Sorry, it is my problem; the fix is good.
I am using qla2xxx that supports Multi-ID, and in that code there is
interrupt when ever the number of vport changed. This interrupt call to
qla24xx_report_id_acquisition() and in this function there is a call to
wake_up_process(ha->dpc_thread) which is not protected.
It should call to qla2xxx_wake_dpc(ha) which is now protected.

Thanks,
Gal.

On Tue, 2008-07-22 at 09:44 +0300, Gal Rosen wrote:
> Revision 470 still panic.
> 
> [67324.049497] [4525]: scst: exit_scst:1652:SCST unloaded
> [67324.765692] qla2xxx 0000:06:00.1: LIP reset occured (f8ef).
> [67325.295690] qla2xxx 0000:06:00.1: LIP occured (f8ef).
> [67325.315689] qla2xxx 0000:06:00.1: LOOP UP detected (4 Gbps).
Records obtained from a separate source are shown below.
definition box_bijections :: "'a set \<Rightarrow> nat list \<Rightarrow> ('a \<Rightarrow> nat list) set" where
  "box_bijections S ds = bijections S (list_Pi (length ds) (\<lambda>i. {..<ds ! i}))"

definition encode_decomp ::
    "'a set \<Rightarrow> ('a \<times> 'a) set list \<times> ('a set \<Rightarrow> nat) list \<Rightarrow> nat list \<times> ('a \<Rightarrow> nat list)" where
  "encode_decomp S = (\<lambda>(\<pi>s, hs). (map (\<lambda>r. card (S // r)) \<pi>s,
     \<lambda>s\<in>S. map (\<lambda>i. (hs ! i) (\<pi>s ! i `` {s})) [0..<length \<pi>s]))"

definition decode_decomp ::
    "'a set \<Rightarrow> nat list \<times> ('a \<Rightarrow> nat list) \<Rightarrow> ('a \<times> 'a) set list \<times> ('a set \<Rightarrow> nat) list" where
  "decode_decomp S = (\<lambda>(ds, g).
     (map (\<lambda>i. kernel_on S (\<lambda>s. g s ! i)) [0..<length ds],
      map (\<lambda>i. restrict (class_value (\<lambda>s. g s ! i)) (S // kernel_on S (\<lambda>s. g s ! i)))
        [0..<length ds]))"

lemma finite_class_numberings:
  "finite S \<Longrightarrow> \<pi>s \<in> cart_decomps n S \<Longrightarrow> finite (class_numberings S \<pi>s)"
  unfolding class_numberings_def cart_decomps_def
  by (auto intro!: finite_list_Pi finite_bijections finite_cart_decomp_quotient)

lemma card_class_numberings:
  "finite S \<Longrightarrow> \<pi>s \<in> cart_decomps n S \<Longrightarrow>
     card (class_numberings S \<pi>s) = (\<Prod>i<n. fact (card (S // \<pi>s ! i)))"
  unfolding class_numberings_def cart_decomps_def card_list_Pi
  by (auto intro!: prod.cong card_bijections finite_cart_decomp_quotient)
(* Let $\eta(n)\in\mathbb N^N$ denote random allocation after $n$ steps ($\eta_x(n)$ = number of the first $n$ i.i.d. uniform draws from $\{1,\dots,N\}$ equal to $x$). Let $T_N=\lfloor N/\log N\rfloor$ and $H_N=\log N/\log\log N$. For every $\alpha\in[\tfrac12,1)$ and every $\delta\in(0,(1-\alpha)/2)$, with probability at least $1-\varepsilon_N$ where $\sum_N\varepsilon_N<\infty$ (in the paper's words: almost surely, for $N$ large enough), $$\big|\{x\in\{1,\dots,N\}:\ \eta_x(T_N)>\delta H_N\}\big|\ge N^{\alpha}.$$ *)

theory Defs
  imports "HOL-Probability.Probability"
begin

text \<open>Random allocation: a sample path is a function \<omega> assigning to each step
  i < n the site \<omega> i in {1..N}; the i.i.d. uniform draws of the first n steps
  are modelled by the uniform distribution on all such functions.\<close>

definition alloc_space :: "nat \<Rightarrow> nat \<Rightarrow> (nat \<Rightarrow> nat) set" where
  "alloc_space N n = PiE {..<n} (\<lambda>_. {1..N})"

definition alloc_pmf :: "nat \<Rightarrow> nat \<Rightarrow> (nat \<Rightarrow> nat) pmf" where
  "alloc_pmf N n = pmf_of_set (alloc_space N n)"

definition eta :: "(nat \<Rightarrow> nat) \<Rightarrow> nat \<Rightarrow> nat \<Rightarrow> nat" where
  "eta \<omega> n x = card {i. i < n \<and> \<omega> i = x}"

definition T_N :: "nat \<Rightarrow> nat" where
  "T_N N = nat \<lfloor>real N / ln (real N)\<rfloor>"

definition H_N :: "nat \<Rightarrow> real" where
  "H_N N = ln (real N) / ln (ln (real N))"

end

theory Submission
  imports Defs "HOL-Real_Asymp.Real_Asymp"
begin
> [67325.415700] Unable to handle kernel NULL pointer dereference at
> 0000000000000008 RIP: 
> [67325.416599]  [<ffffffff80226b1e>] task_rq_lock+0x2e/0x90
> [67325.418171] PGD 22d737067 PUD 22df2d067 PMD 0 
> [67325.419114] Oops: 0000 [1] SMP 
> [67325.419736] CPU 0 
> [67325.420162] Modules linked in: qla2xxx loop scsi_transport_fc
> [67325.421333] Pid: 4382, comm: qla2xxx_12_dpc Tainted: GF
> 2.6.23.8-64bit-fc-nfs #10
> [67325.422998] RIP: 0010:[<ffffffff80226b1e>]  [<ffffffff80226b1e>]
> task_rq_lock+0x2e/0x90
> [67325.424736] RSP: 0018:ffff81022e14bb00  EFLAGS: 00010086
> [67325.425870] RAX: 0000000000000086 RBX: 000000000000000f RCX:
> 0000000000000000
> [67325.427379] RDX: 0000000000000000 RSI: ffff81022e14bb80 RDI:
> 0000000000000000
> [67325.428899] RBP: ffff81022e14bb20 R08: 0000000000000000 R09:
> ffff81022d160010
> [67325.430406] R10: 0000000000000000 R11: ffffffff8050faf0 R12:
> ffffffff807a4000
> [67325.431925] R13: 0000000000000000 R14: ffff81022e14bb80 R15:
> 0000000000000246
> [67325.433433] FS:  0000000000000000(0000) GS:ffffffff8071d000(0000)
> knlGS:0000000000000000
> [67325.435147] CS:  0010 DS: 0018 ES: 0018 CR0: 000000008005003b
> [67325.436371] CR2: 0000000000000008 CR3: 000000022dec0000 CR4:
> 00000000000006e0
> [67325.437890] DR0: 0000000000000000 DR1: 0000000000000000 DR2:
> 0000000000000000
> [67325.439398] DR3: 0000000000000000 DR6: 00000000ffff0ff0 DR7:
> 0000000000000400
> [67325.440921] Process qla2xxx_12_dpc (pid: 4382, threadinfo
> ffff81022e14a000, task ffff81022c6040c0)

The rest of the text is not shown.